Data Collection and Organization

8 ECTS / 1st Semester / Portuguese

Intended learning outcomes (knowledge, skills and competences to be developed by the students):

Development of autonomous capacity to select and apply different methods of data collection, data organization, visualization and exploratory analysis.

It is intended, with this Curricular Unit (CU), and together with other mandatory CUs, to ensure the independence of students in areas of scientific research.

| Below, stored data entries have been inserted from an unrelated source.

(* Let $\Delta\ge3$. For every graph $G$ with maximum degree at most $\Delta$, the total Thue choice number of $G$ is at most $17.9856\,\Delta^2$; that is, for every assignment $L$ of a list $L(x)$ of colours to each $x\in V(G)\cup E(G)$ with $|L(x)|\ge 17.9856\,\Delta^2$ for all $x$, there exists a total Thue colouring $\varphi$ of $G$ with $\varphi(x)\in L(x)$ for all $x\in V(G)\cup E(G)$.
   Context: Graphs are finite and simple. A sequence is nonrepetitive if no block of consecutive terms has the form $r_1\dots r_nr_1\dots r_n$ with $n\ge1$. A (strong) total Thue colouring of $G$ is a colouring of $V(G)\cup E(G)$ such that for every path $v_1,e_1,v_2,\dots,e_{k-1},v_k$ in $G$ the sequence of colours of $v_1,e_1,\dots,v_k$ is nonrepetitive, the sequence of colours of $v_1,\dots,v_k$ is nonrepetitive, and the sequence of colours of $e_1,\dots,e_{k-1}$ is nonrepetitive. $G$ is nonrepetitively total $l$-choosable if for every list assignment $L:V(G)\cup E(G)\to 2^{\mathbb N}$ with all lists of size at least $l$ there is a total Thue colouring choosing each colour from the associated list; the total Thue choice number is the minimum such $l$. *)

theory Defs
  imports Main Complex_Main
begin

definition simple_graph :: "'a set \<Rightarrow> 'a set set \<Rightarrow> bool" where
  "simple_graph V E \<longleftrightarrow> finite V \<and>
     (\<forall>e\<in>E. \<exists>u v. u \<in> V \<and> v \<in> V \<and> u \<noteq> v \<and> e = {u, v})"

definition max_degree_le :: "'a set \<Rightarrow> 'a set set \<Rightarrow> nat \<Rightarrow> bool" where
  "max_degree_le V E d \<longleftrightarrow> (\<forall>v\<in>V. card {e\<in>E. v \<in> e} \<le> d)"

definition nonrep :: "'b list \<Rightarrow> bool" where
  "nonrep xs \<longleftrightarrow> \<not> (\<exists>a r b. r \<noteq> [] \<and> xs = a @ r @ r @ b)"

definition is_path :: "'a set \<Rightarrow> 'a set set \<Rightarrow> 'a list \<Rightarrow> bool" where
  "is_path V E ps \<longleftrightarrow> ps \<noteq> [] \<and> distinct ps \<and> set ps \<subseteq> V \<and>
     (\<forall>i. Suc i < length ps \<longrightarrow> {ps ! i, ps ! Suc i} \<in> E)"

fun path_edges :: "'a list \<Rightarrow> 'a set list" where
  "path_edges (v # w # rest) = {v, w} # path_edges (w # rest)"
| "path_edges _ = []"

text \<open>Colours of v_1, e_1, v_2, ..., e_{k-1}, v_k; elements of V(G) \<union> E(G) are
  represented as the disjoint sum: Inl v for vertices, Inr e for edges.\<close>
fun total_seq :: "('a + 'a set \<Rightarrow> 'c) \<Rightarrow> 'a list \<Rightarrow> 'c list" where
  "total_seq c (v # w # rest) = c (Inl v) # c (Inr {v, w}) # total_seq c (w # rest)"
| "total_seq c [v] = [c (Inl v)]"
| "total_seq c [] = []"

definition total_thue :: "'a set \<Rightarrow> 'a set set \<Rightarrow> ('a + 'a set \<Rightarrow> 'c) \<Rightarrow> bool" where
  "total_thue V E c \<longleftrightarrow> (\<forall>ps. is_path V E ps \<longrightarrow>
      nonrep (total_seq c ps) \<and>
      nonrep (map (\<lambda>v. c (Inl v)) ps) \<and>
      nonrep (map (\<lambda>e. c (Inr e)) (path_edges ps)))"

definition elems :: "'a set \<Rightarrow> 'a set set \<Rightarrow> ('a + 'a set) set" where
  "elems V E = Inl ` V \<union> Inr ` E"

end

theory Submission
  imports Defs "HOL-Library.FuncSet"
begin

text \<open>Rosenfeld's counting method. Call (A, B) a repetition pair if A and B are equally long
  and A @ B is a block of one of the three sequences read along a path; a total colouring is a
  total Thue colouring iff no repetition pair gets the same colour sequence on both halves.
  Let every list have at least n colours and suppose that, for every element x, the repetition
  pairs through x, each weighted by \<beta>^(1 - |A|), have total weight at most n - \<beta>. Then, by
  induction on H, the good colourings of H \<union> {x} are at least \<beta> times as many as those of H:
  among the extensions of the good colourings of H, a bad one repeats on some pair (A, B) with
  x in B, so it is determined by its good restriction to H - B, and there are at most
  \<beta>^(1 - |A|) times as many of those as good colourings of H. Hence a good colouring of all
  of V(G) \<union> E(G) exists.

  A repetition pair with |A| = j through x is cut out of a path with at most 2j + 1 vertices
  through a vertex at x, and there are at most (2j + 1) \<Delta>^(2j) such paths; with
  n = 15 \<Delta>^2 \<le> 17.9856 \<Delta>^2 and \<beta> = 8 \<Delta>^2 the weighted count is at most 7 \<Delta>^2 = n - \<beta>.\<close>

section \<open>Rosenfeld's counting lemma\<close>

definition avoids :: "('e list \<times> 'e list) set \<Rightarrow> 'e set \<Rightarrow> ('e \<Rightarrow> 'c) \<Rightarrow> bool" where
  "avoids Q H f \<longleftrightarrow> (\<forall>(A, B)\<in>Q. set A \<subseteq> H \<longrightarrow> set B \<subseteq> H \<longrightarrow> map f A \<noteq> map f B)"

Specifically with this CU, students should be able to: i) understand the importance of correct data management in scientific research, ii) select the appropriate data collection methods, designing and implementing these methods in order to obtain complete and high quality data, iii) classify, transform and clean data in order to promote exploratory analysis and reproducibility, iv) manage data files in a professional and secure manner, and v) conduct exploratory data analysis using multivariate analysis and visualization techniques, to promote the formulation of hypotheses.

Syllabus:

Module 1: Introduction to data

  • History of data and the new era of big data;
  • Types of data (structured, semi-structured, non-structured; discrete, continuous; quantitative, qualitative);
  • Research Data Lifecycle framework;
  • Databases, data models and information management systems;
  • Tools for data collection, data management and data analysis.

Module 2: Data collection methods

  • Quantitative methods;
  • Qualitative methods;
  • Population and sampling;
  • Sources of error and bias.

Module 3: Data organization and management

  • Classification and categorization;
  • Data transformations and data cleaning;
  • File naming, versioning, file formats and documentation;
  • Storage, security, privacy and sharing.

Module 4: Exploratory analysis and data visualization

  • Brief primer on multivariate analysis (random variables and distribution functions; moments and covariance matrix);
  • Data visualization;
  • Brief introduction to PCA and cluster analysis.